Following graduation, Einstein could not find a teaching post. After almost two years of searching, a former classmate's father helped him get a job in Berne, at the Federal Office for Intellectual Property, the patent office, as an assistant examiner. His responsibility was evaluating patent applications for electromagnetic devices. In 1903, Einstein's position at the Swiss Patent Office was made permanent, although he was passed over for promotion until he "fully mastered machine technology".
With friends he met in Berne, Einstein formed a weekly discussion club on science and philosophy, jokingly named "The Olympia Academy". Their readings included Poincaré, Mach, and Hume, who influenced Einstein's scientific and philosophical outlook.
During this period Einstein had almost no personal contact with the physics community. Much of his work at the patent office related to questions about transmission of electric signals and electrical-mechanical synchronization of time: two technical problems that show up conspicuously in the thought experiments that eventually led Einstein to his radical conclusions about the nature of light and the fundamental connection between space and time.
Einstein and Mileva Marić had a daughter they called Lieserl, who was born in early 1902, probably in Novi Sad.Her fate is uncertain after 1903.
Einstein married Mileva on 6 January 1903, although his mother had objected to the match because she had a prejudice against Serbs and thought Marić "too old" and "physically defective." Their relationship was for a time a personal and intellectual partnership.

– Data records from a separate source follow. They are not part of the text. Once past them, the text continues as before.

lemma ex_min_lt_if_card_image_gt_1:
  fixes f :: "'a \<Rightarrow> 'b::linorder"
  assumes "finite N" and "1 < card (f ` N)"
  shows "\<exists>e\<in>N. \<exists>e'\<in>N. f e < f e' \<and> (\<forall>z\<in>N. f e \<le> f z)"
proof -
  have "N \<noteq> {}"
    using assms(2) by auto
  then have "Min (f ` N) \<in> f ` N"
    using assms(1) by (intro Min_in) auto
  then obtain e where e: "e \<in> N" "f e = Min (f ` N)"
    by (metis imageE)
  have "\<not> f ` N \<subseteq> {f e}"
    using assms(2) card_mono[of "{f e}" "f ` N"] by auto
  then obtain e' where "e' \<in> N" "f e' \<noteq> f e"
    by auto
  moreover have "f e \<le> f z" if "z \<in> N" for z
    using e assms(1) that by simp
  ultimately show ?thesis
    using e(1) by (metis order_le_neq_trans)
qed

lemma LS_pure_by_reward_and_punishment:
  assumes not_NE: "(a0, b0) \<notin> pure_NE u1 u2"
    and NE: "pun1 \<in> pure_NE u1 u2" "rew1 \<in> pure_NE u1 u2"
            "pun2 \<in> pure_NE u1 u2" "rew2 \<in> pure_NE u1 u2"
    and gap1: "case_prod u1 pun1 < case_prod u1 rew1" "case_prod u1 pun1 \<le> case_prod u1 rew2"
    and gap2: "case_prod u2 pun2 < case_prod u2 rew2" "case_prod u2 pun2 \<le> case_prod u2 rew1"
  shows "LS (False, False) u1 u2"
proof -
  have "\<forall>\<^sub>F L in sequentially.
      (\<forall>a. u1 a b0 - u1 a0 b0 \<le> real L * (case_prod u1 rew1 - case_prod u1 pun1)) \<and>
      (\<forall>b. u2 a0 b - u2 a0 b0 \<le> real L * (case_prod u2 rew2 - case_prod u2 pun2))"
    using gap1(1) gap2(1) by (intro eventually_conj eventually_le_nat_mult) auto
  then obtain L :: nat
    where gain1: "\<And>a. u1 a b0 - u1 a0 b0 \<le> real L * (case_prod u1 rew1 - case_prod u1 pun1)"
      and gain2: "\<And>b. u2 a0 b - u2 a0 b0 \<le> real L * (case_prod u2 rew2 - case_prod u2 pun2)"
    by (auto simp: eventually_sequentially)
  \<comment> \<open>Joint deviations need not be deterred, so they are lumped with deviations of player 2.\<close>
  define plan where "plan p k = (if p = (a0, b0) then if k < L then rew1 else rew2
                                 else if snd p = b0 then pun1 else pun2)" for p k
  define f1 where "f1 h = point_mass (case h of [] \<Rightarrow> a0 | p # hh \<Rightarrow> fst (plan p (length hh)))" for h
  define f2 where "f2 h = point_mass (case h of [] \<Rightarrow> b0 | p # hh \<Rightarrow> snd (plan p (length hh)))" for h
  have reward: "(\<Sum>k<2 * L. case_prod u (plan (a0, b0) k))
      = real L * case_prod u rew1 + real L * case_prod u rew2" for u
    by (simp add: plan_def if_distrib[of "case_prod u"] sum_two_phases)
  have "SPE (False, False) u1 u2 (Suc (2 * L)) f1 f2"
  proof (rule SPE_first_round)
    show "plan p k \<in> pure_NE u1 u2" for p k
      using NE by (simp add: plan_def)
    show "u1 a b0 + (\<Sum>k<2 * L. case_prod u1 (plan (a, b0) k))
        \<le> u1 a0 b0 + (\<Sum>k<2 * L. case_prod u1 (plan (a0, b0) k))" for a
    proof (cases "a = a0")
      case False
      then have "(\<Sum>k<2 * L. case_prod u1 (plan (a, b0) k))
          = real L * case_prod u1 pun1 + real L * case_prod u1 pun1"
        by (simp add: plan_def)
      moreover have "real L * case_prod u1 pun1 \<le> real L * case_prod u1 rew2"
        using gap1(2) by (simp add: mult_left_mono)
      ultimately show ?thesis
        using gain1[of a] reward[of u1] by (simp add: right_diff_distrib)
    qed simp
    show "u2 a0 b + (\<Sum>k<2 * L. case_prod u2 (plan (a0, b) k))
        \<le> u2 a0 b0 + (\<Sum>k<2 * L. case_prod u2 (plan (a0, b0) k))" for b
    proof (cases "b = b0")
      case False
      then have "(\<Sum>k<2 * L. case_prod u2 (plan (a0, b) k))
          = real L * case_prod u2 pun2 + real L * case_prod u2 pun2"
        by (simp add: plan_def)
      moreover have "real L * case_prod u2 pun2 \<le> real L * case_prod u2 rew1"
        using gap2(2) by (simp add: mult_left_mono)
      ultimately show ?thesis
        using gain2[of b] reward[of u2] by (simp add: right_diff_distrib)
    qed simp
  qed (simp_all add: f1_def f2_def)
  moreover have "(f1 [], f2 []) \<notin> stageNash (False, False) u1 u2"
    using not_NE by (auto simp: f1_def f2_def stageNash_pure_eq)
  ultimately show ?thesis
    unfolding LS_def by (intro exI[of _ "Suc (2 * L)"] conjI exI[of _ f1] exI[of _ f2] exI[of _ "[]"]) auto
qed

In a letter to her, Einstein called Marić "a creature who is my equal and who is as strong and independent as I am." There has been occasional debate about whether Marić influenced Einstein's work, however, the overwhelming consensus amongst academic historians of science is that she did not. On 14 May 1904, Albert and Mileva's first son, Hans Albert Einstein, was born in Berne, Switzerland. Their second son, Eduard, was born in Zurich on 28 July 1910.
Albert and Marić divorced on 14 February 1919, having lived apart for five years. On 2 June of that year, Einstein married Elsa Löwenthal (née Einstein), who had nursed him through an illness. Elsa was Albert's first cousin maternally and his second cousin paternally. Together the Einsteins raised Margot and Ilse, Elsa's daughters from her first marriage. Their union produced no children.